Unlike, for example, Senator Josh Hawley–another right-wing populist–Cotton pairs his political populism with hard-line conservative policy positions. As a House member, he voted against Arkansas’ cherished farm bill because it would have expanded access to food stamps. Defending this unpopular vote, he explained that SNAP recipients supposedly dine on steak and drive luxury cars. It was straight out of decades of anti-welfare rhetoric.

Cotton’s unyielding anti-government stance would keep economic conservatives on board. But that is the case for most would-be successors to Trump. Where Cotton has a further advantage is in the area of foreign policy. Cotton has long been considered a leading defense hawk, a fierce critic of the Iran deal and a champion of a more aggressive military posture. This could bring neoconservatives back into the Republican fold–and thus reunite the three “legs of the stool” of Republican conservatism.

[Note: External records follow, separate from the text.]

(* Let $\bar{A}_{\tau,\sigma}$ have the form $$\bar{A}_{\tau,\sigma}=\alpha_{(0,0)}-\tfrac12\xi_1P_1(\sigma)+\tfrac12\xi_1P_1(\tau)+\sum_{\substack{i+j\ \text{even}\\ i+j>1}}\alpha_{(i,j)}P_i(\tau)P_j(\sigma),$$ with $\xi_1=\frac{1}{2\sqrt3}$ and real $\alpha_{(i,j)}$ (finitely many nonzero, or such that the series converges uniformly on $[0,1]^2$), and let $B_\tau=1$, $C_\tau=\tau$, $\bar{B}_\tau=1-\tau$. Let $(b_i,c_i)_{i=1}^s$ be a quadrature formula on $[0,1]$ with $b_{s+1-i}=b_i$ and $c_{s+1-i}=1-c_i$ for all $i$. Then the $s$-stage RKN method with nodes $c_i$, coefficients $\bar a_{ij}=b_j\bar{A}_{c_i,c_j}$, $\bar b_i=b_i(1-c_i)$ and weights $b_i$ ($i,j=1,\dots,s$) is symmetric.
   Context: For $q''=f(t,q)$ with smooth $f:\mathbb{R}\times\mathbb{R}^d\to\mathbb{R}^d$, an $s$-stage RKN method with coefficients $(\bar a_{ij},\bar b_i,b_i,c_i)$ and step size $h$ is $$Q_i=q_0+hc_iq'_0+h^2\sum_{j=1}^s\bar a_{ij}f(t_0+c_jh,Q_j),\quad q_1=q_0+hq'_0+h^2\sum_{i=1}^s\bar b_if(t_0+c_ih,Q_i),\quad q'_1=q'_0+h\sum_{i=1}^sb_if(t_0+c_ih,Q_i).$$ A one-step method $\Phi_h$ is symmetric if $\Phi_h=\Phi_{-h}^{-1}$. $P_k$ is the normalized shifted Legendre polynomial: $P_0=1$, $P_k(x)=\frac{\sqrt{2k+1}}{k!}\frac{d^k}{dx^k}[(x^2-x)^k]$, orthonormal in $L^2[0,1]$; e.g. $P_1(x)=\sqrt3(2x-1)$. *)

theory Defs
  imports "HOL-Analysis.Analysis"
begin

definition legP :: "nat \<Rightarrow> real \<Rightarrow> real" where
  "legP k x = sqrt (2 * real k + 1) / fact k * (deriv ^^ k) (\<lambda>y. (y^2 - y)^k) x"

text \<open>One step of the s-stage RKN method (coefficients abar, bbar, b, c; stages indexed 1..s)
  for q'' = f(t,q), started at time t0 with step size h, mapping (q0,p0) to (q1,p1)
  (p = q'). Since the method is implicit, this is expressed as a relation: there exist
  internal stages Q_1..Q_s solving the stage equations.\<close>
definition rkn_step ::
  "nat \<Rightarrow> (nat \<Rightarrow> nat \<Rightarrow> real) \<Rightarrow> (nat \<Rightarrow> real) \<Rightarrow> (nat \<Rightarrow> real) \<Rightarrow> (nat \<Rightarrow> real)
   \<Rightarrow> (real \<Rightarrow> 'v::real_vector \<Rightarrow> 'v) \<Rightarrow> real \<Rightarrow> real \<Rightarrow> 'v \<Rightarrow> 'v \<Rightarrow> 'v \<Rightarrow> 'v \<Rightarrow> bool" where
  "rkn_step s abar bbar b c f t0 h q0 p0 q1 p1 \<longleftrightarrow>
     (\<exists>Q :: nat \<Rightarrow> 'v.
        (\<forall>i\<in>{1..s}. Q i = q0 + (h * c i) *\<^sub>R p0
                           + h^2 *\<^sub>R (\<Sum>j=1..s. abar i j *\<^sub>R f (t0 + c j * h) (Q j)))
      \<and> q1 = q0 + h *\<^sub>R p0 + h^2 *\<^sub>R (\<Sum>i=1..s. bbar i *\<^sub>R f (t0 + c i * h) (Q i))
      \<and> p1 = p0 + h *\<^sub>R (\<Sum>i=1..s. b i *\<^sub>R f (t0 + c i * h) (Q i)))"

definition Abar_partial :: "(nat \<times> nat \<Rightarrow> real) \<Rightarrow> nat \<Rightarrow> real \<times> real \<Rightarrow> real" where
  "Abar_partial \<alpha> N = (\<lambda>(\<tau>, \<sigma>).
      \<alpha> (0,0) - 1/2 * (1 / (2 * sqrt 3)) * legP 1 \<sigma> + 1/2 * (1 / (2 * sqrt 3)) * legP 1 \<tau>
      + (\<Sum>(i,j)\<in>{(i,j). even (i+j) \<and> 1 < i+j \<and> i+j \<le> N}. \<alpha> (i,j) * legP i \<tau> * legP j \<sigma>))"

end

theory Submission
  imports Defs "HOL-Computational_Algebra.Polynomial"
begin

text \<open>Since \<open>P\<^sub>k(1 - x) = (-1)\<^sup>k P\<^sub>k(x)\<close>, every term \<open>P\<^sub>i(\<tau>) P\<^sub>j(\<sigma>)\<close> with \<open>i + j\<close> even is
  invariant under \<open>(\<tau>, \<sigma>) \<mapsto> (1 - \<tau>, 1 - \<sigma>)\<close>, and the two linear terms give
  \<open>A(1 - \<tau>, 1 - \<sigma>) = A(\<tau>, \<sigma>) - \<tau> + \<sigma>\<close>. Together with the symmetry of the quadrature
  formula this is the classical coefficient condition for a symmetric RKN method: the
  step from \<open>(q\<^sub>1, p\<^sub>1)\<close> with step size \<open>-h\<close> is solved by the original internal stages
  taken in reverse order.\<close>

lemma higher_deriv_poly: "(deriv ^^ n) (poly p) = poly ((pderiv ^^ n) (p :: real poly))"
proof (induction n)
  case (Suc n)
  have deriv_poly: "deriv (poly q) = poly (pderiv q)" for q :: "real poly"
    by (rule ext, rule DERIV_imp_deriv, rule poly_DERIV)
  show ?case by (simp add: Suc.IH deriv_poly)
qed simp

lemma higher_pderiv_pcompose_reflect:
  fixes p :: "'a::idom poly"
  assumes "p \<circ>\<^sub>p [:1, -1:] = p"
  shows "(pderiv ^^ n) p \<circ>\<^sub>p [:1, -1:] = smult ((-1) ^ n) ((pderiv ^^ n) p)"
proof (induction n)
  case 0
  then show ?case using assms by simp
next
  case (Suc n)
  have "pderiv ((pderiv ^^ n) p \<circ>\<^sub>p [:1, -1:]) = - ((pderiv ^^ Suc n) p \<circ>\<^sub>p [:1, -1:])"
    by (simp add: pderiv_pcompose pderiv_pCons)
  then show ?case using Suc by (simp add: pderiv_smult)
qed

lemma legP_reflect: "legP k (1 - x) = (-1) ^ k * legP k x"
proof -
  define p :: "real poly" where "p = [:0, -1, 1:] ^ k"
  have p: "(\<lambda>y. (y^2 - y)^k) = poly p"
    by (auto simp: p_def poly_power algebra_simps power2_eq_square)
  have "p \<circ>\<^sub>p [:1, -1:] = p"
    by (rule poly_ext) (simp add: p_def poly_pcompose poly_power algebra_simps power2_eq_square)
  then have "poly ((pderiv ^^ k) p) (1 - x) = (-1) ^ k * poly ((pderiv ^^ k) p) x"
    using poly_pcompose[of "(pderiv ^^ k) p" "[:1, -1:]" x]
    by (simp add: higher_pderiv_pcompose_reflect)
  then show ?thesis
    by (simp add: legP_def p higher_deriv_poly)
qed

lemma legP_1: "legP 1 x = sqrt 3 * (2 * x - 1)"
proof -
  have "deriv (\<lambda>y::real. (y^2 - y)^1) x = 2 * x - 1"
    by (rule DERIV_imp_deriv) (auto intro!: derivative_eq_intros)
  then show ?thesis by (simp add: legP_def)
qed

lemma Abar_partial_reflect:
  "Abar_partial \<alpha> N (1 - \<tau>, 1 - \<sigma>) = Abar_partial \<alpha> N (\<tau>, \<sigma>) - \<tau> + \<sigma>"
proof -
  let ?E = "{(i, j). even (i + j) \<and> 1 < i + j \<and> i + j \<le> N}"
  have even_terms: "(\<Sum>(i, j)\<in>?E. \<alpha> (i, j) * legP i (1 - \<tau>) * legP j (1 - \<sigma>))
      = (\<Sum>(i, j)\<in>?E. \<alpha> (i, j) * legP i \<tau> * legP j \<sigma>)"
  proof (rule sum.cong[OF refl], clarify)
    fix i j :: nat
    assume "even (i + j)"
    then have "(-1::real) ^ i * (-1) ^ j = 1"
      by (simp flip: power_add)
    then show "\<alpha> (i, j) * legP i (1 - \<tau>) * legP j (1 - \<sigma>) = \<alpha> (i, j) * legP i \<tau> * legP j \<sigma>"
      unfolding legP_reflect by (metis mult.commute mult.left_commute mult_1)
  qed
  have sqrt3: "sqrt 3 * (sqrt 3 * x) = 3 * x" for x :: real
    by (simp flip: mult.assoc)
  show ?thesis
    unfolding Abar_partial_def split even_terms legP_1
    by (simp add: field_simps sqrt3)
qed

lemma Abar_limit_reflect:
  assumes "uniform_limit ({0..1} \<times> {0..1}) (Abar_partial \<alpha>) (\<lambda>(\<tau>, \<sigma>). A \<tau> \<sigma>) sequentially"
    and "\<tau> \<in> {0..1}" "\<sigma> \<in> {0..1}"
  shows "A (1 - \<tau>) (1 - \<sigma>) = A \<tau> \<sigma> - \<tau> + \<sigma>"
proof -
  have "(\<lambda>N. Abar_partial \<alpha> N (\<tau>, \<sigma>)) \<longlonglongrightarrow> A \<tau> \<sigma>"
    using tendsto_uniform_limitI[OF assms(1), of "(\<tau>, \<sigma>)"] assms by simp
  then have "(\<lambda>N. Abar_partial \<alpha> N (1 - \<tau>, 1 - \<sigma>)) \<longlonglongrightarrow> A \<tau> \<sigma> - \<tau> + \<sigma>"
    unfolding Abar_partial_reflect by (intro tendsto_intros)
  moreover have "(\<lambda>N. Abar_partial \<alpha> N (1 - \<tau>, 1 - \<sigma>)) \<longlonglongrightarrow> A (1 - \<tau>) (1 - \<sigma>)"
    using tendsto_uniform_limitI[OF assms(1), of "(1 - \<tau>, 1 - \<sigma>)"] assms by simp
  ultimately show ?thesis
    using LIMSEQ_unique by blast
qed

lemma sum_reversed_stages:
  fixes f :: "real \<Rightarrow> 'v::real_vector \<Rightarrow> 'v" and s :: nat
  assumes "\<forall>i\<in>{1..s}. c (s + 1 - i) = 1 - c i"
  shows "(\<Sum>i=1..s. w i *\<^sub>R f (t0 + h + c i * - h) (Q (s + 1 - i)))
       = (\<Sum>i=1..s. w (s + 1 - i) *\<^sub>R f (t0 + c i * h) (Q i))"
proof -
  have "(\<Sum>i=1..s. w i *\<^sub>R f (t0 + h + c i * - h) (Q (s + 1 - i)))
      = (\<Sum>i=1..s. w i *\<^sub>R f (t0 + c (s + 1 - i) * h) (Q (s + 1 - i)))"
  proof (intro sum.cong refl)
    fix i assume "i \<in> {1..s}"
    with assms have ci: "c (s + 1 - i) = 1 - c i" by blast
    show "w i *\<^sub>R f (t0 + h + c i * - h) (Q (s + 1 - i))
        = w i *\<^sub>R f (t0 + c (s + 1 - i) * h) (Q (s + 1 - i))"
      unfolding ci by (simp add: algebra_simps)
  qed
  also have "\<dots> = (\<Sum>i=1..s. w (s + 1 - i) *\<^sub>R f (t0 + c i * h) (Q i))"
    by (rule sum.reindex_bij_witness[where i = "\<lambda>i. s + 1 - i" and j = "\<lambda>i. s + 1 - i"]) auto
  finally show ?thesis .
qed

lemma sum_abar_reflect:
  fixes v :: "nat \<Rightarrow> 'v::real_vector" and s :: nat
  assumes abar: "\<forall>i\<in>{1..s}. \<forall>j\<in>{1..s}.
                   abar (s + 1 - i) (s + 1 - j) = abar i j - bbar j + (1 - c i) * b j"
    and k: "k \<in> {1..s}"
  shows "(\<Sum>j=1..s. abar (s + 1 - k) (s + 1 - j) *\<^sub>R v j)
       = (\<Sum>j=1..s. abar k j *\<^sub>R v j) - (\<Sum>j=1..s. bbar j *\<^sub>R v j) + (1 - c k) *\<^sub>R (\<Sum>j=1..s. b j *\<^sub>R v j)"
proof -
  have "(\<Sum>j=1..s. abar (s + 1 - k) (s + 1 - j) *\<^sub>R v j)
      = (\<Sum>j=1..s. (abar k j - bbar j + (1 - c k) * b j) *\<^sub>R v j)"
    using abar k by (intro sum.cong) auto
  then show ?thesis
    by (simp add: scaleR_diff_left scaleR_add_left sum.distrib sum_subtractf scaleR_sum_right)
qed

lemma rkn_step_reverse:
  fixes f :: "real \<Rightarrow> 'v::real_vector \<Rightarrow> 'v"
  assumes b: "\<forall>i\<in>{1..s}. b (s + 1 - i) = b i"
    and c: "\<forall>i\<in>{1..s}. c (s + 1 - i) = 1 - c i"
    and bbar: "\<forall>i\<in>{1..s}. bbar (s + 1 - i) = b i - bbar i"
    and abar: "\<forall>i\<in>{1..s}. \<forall>j\<in>{1..s}.
                 abar (s + 1 - i) (s + 1 - j) = abar i j - bbar j + (1 - c i) * b j"
    and step: "rkn_step s abar bbar b c f t0 h q0 p0 q1 p1"
  shows "rkn_step s abar bbar b c f (t0 + h) (- h) q1 p1 q0 p0"
proof -
  obtain Q where
    stages: "\<forall>i\<in>{1..s}. Q i = q0 + (h * c i) *\<^sub>R p0
                           + h^2 *\<^sub>R (\<Sum>j=1..s. abar i j *\<^sub>R f (t0 + c j * h) (Q j))"
    and q1: "q1 = q0 + h *\<^sub>R p0 + h^2 *\<^sub>R (\<Sum>i=1..s. bbar i *\<^sub>R f (t0 + c i * h) (Q i))"
    and p1: "p1 = p0 + h *\<^sub>R (\<Sum>i=1..s. b i *\<^sub>R f (t0 + c i * h) (Q i))"
    using step unfolding rkn_step_def by blast
  define SB where "SB = (\<Sum>i=1..s. b i *\<^sub>R f (t0 + c i * h) (Q i))"
  define SBbar where "SBbar = (\<Sum>i=1..s. bbar i *\<^sub>R f (t0 + c i * h) (Q i))"
  have p1': "p1 = p0 + h *\<^sub>R SB" and q1': "q1 = q0 + h *\<^sub>R p0 + h^2 *\<^sub>R SBbar"
    by (simp_all add: p1 q1 SB_def SBbar_def)
  have b_rev: "(\<Sum>i=1..s. b (s + 1 - i) *\<^sub>R f (t0 + c i * h) (Q i)) = SB"
    using b by (auto simp: SB_def intro!: sum.cong)
  have p0: "p0 = p1 + (- h) *\<^sub>R (\<Sum>i=1..s. b i *\<^sub>R f (t0 + h + c i * - h) (Q (s + 1 - i)))"
    unfolding sum_reversed_stages[OF c] b_rev by (simp add: p1')
  have bbar_rev: "(\<Sum>i=1..s. bbar (s + 1 - i) *\<^sub>R f (t0 + c i * h) (Q i)) = SB - SBbar"
    using bbar by (auto simp: SB_def SBbar_def simp flip: sum_subtractf scaleR_diff_left intro!: sum.cong)
  have q0: "q0 = q1 + (- h) *\<^sub>R p1
      + (- h)^2 *\<^sub>R (\<Sum>i=1..s. bbar i *\<^sub>R f (t0 + h + c i * - h) (Q (s + 1 - i)))"
    unfolding sum_reversed_stages[OF c] bbar_rev by (simp add: p1' q1' algebra_simps power2_eq_square)
  have stages_rev: "Q (s + 1 - i) = q1 + (- h * c i) *\<^sub>R p1
      + (- h)^2 *\<^sub>R (\<Sum>j=1..s. abar i j *\<^sub>R f (t0 + h + c j * - h) (Q (s + 1 - j)))"
    if i: "i \<in> {1..s}" for i
  proof -
    define k where "k = s + 1 - i"
    have k: "k \<in> {1..s}" "s + 1 - k = i" and ci: "c i = 1 - c k"
      using i c by (auto simp: k_def)
    have Qk: "Q k = q0 + (h * c k) *\<^sub>R p0 + h^2 *\<^sub>R (\<Sum>j=1..s. abar k j *\<^sub>R f (t0 + c j * h) (Q j))"
      using stages k(1) by blast
    show ?thesis
      unfolding sum_reversed_stages[OF c] k_def[symmetric] Qk ci
        sum_abar_reflect[OF abar k(1), unfolded k(2)] SB_def[symmetric] SBbar_def[symmetric]
      by (simp add: p1' q1' algebra_simps power2_eq_square)
  qed
  show ?thesis
    unfolding rkn_step_def using stages_rev p0 q0 by (intro exI[of _ "\<lambda>i. Q (s + 1 - i)"]) blast
qed

theorem corollary4p2:
  fixes \<alpha> :: "nat \<times> nat \<Rightarrow> real"
    and A :: "real \<Rightarrow> real \<Rightarrow> real"
    and s :: nat and b c :: "nat \<Rightarrow> real"
    and f :: "real \<Rightarrow> real ^ 'd \<Rightarrow> real ^ 'd"
    and t0 h :: real and q0 p0 q1 p1 :: "real ^ 'd"
  assumes A_def: "uniform_limit ({0..1} \<times> {0..1}) (Abar_partial \<alpha>) (\<lambda>(\<tau>, \<sigma>). A \<tau> \<sigma>) sequentially"
    and nodes: "\<forall>i\<in>{1..s}. c i \<in> {0..1}"
    and symb: "\<forall>i\<in>{1..s}. b (s + 1 - i) = b i"
    and symc: "\<forall>i\<in>{1..s}. c (s + 1 - i) = 1 - c i"
    and step: "rkn_step s (\<lambda>i j. b j * A (c i) (c j)) (\<lambda>i. b i * (1 - c i)) b c f t0 h q0 p0 q1 p1"
  shows "rkn_step s (\<lambda>i j. b j * A (c i) (c j)) (\<lambda>i. b i * (1 - c i)) b c f (t0 + h) (- h) q1 p1 q0 p0"
proof (rule rkn_step_reverse[OF symb symc _ _ step]; intro ballI)
  fix i j assume i: "i \<in> {1..s}" and j: "j \<in> {1..s}"
  have b': "b (s + 1 - j) = b j" and ci: "c (s + 1 - i) = 1 - c i" and cj: "c (s + 1 - j) = 1 - c j"
    using symb symc i j by blast+
  have A_reflect: "A (1 - c i) (1 - c j) = A (c i) (c j) - c i + c j"
    using Abar_limit_reflect[OF A_def] nodes i j by blast
  show "b (s + 1 - j) * A (c (s + 1 - i)) (c (s + 1 - j))
      = b j * A (c i) (c j) - b j * (1 - c j) + (1 - c i) * b j"
    unfolding b' ci cj A_reflect by (simp add: algebra_simps)
next
  fix i assume "i \<in> {1..s}"
  then have bi: "b (s + 1 - i) = b i" and ci: "c (s + 1 - i) = 1 - c i"
    using symb symc by blast+
  show "b (s + 1 - i) * (1 - c (s + 1 - i)) = b i - b i * (1 - c i)"
    unfolding bi ci by (simp add: algebra_simps)
qed

end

Finally, Cotton has a mean streak. He interrupts fellow Senators. He disparages the poor. He sneers that disaster relief funding is unneeded because Arkansas doesn’t “need to bail out the Northeast.” As we have seen through five years of Donald Trump’s nastiness, many Republicans like to live vicariously through the bullying of their politicians. Cotton, who welcomed a debt default and proposed slashing immigration by nearly half, is the perfect man to take up where Donald Trump’s failed populist administration left off.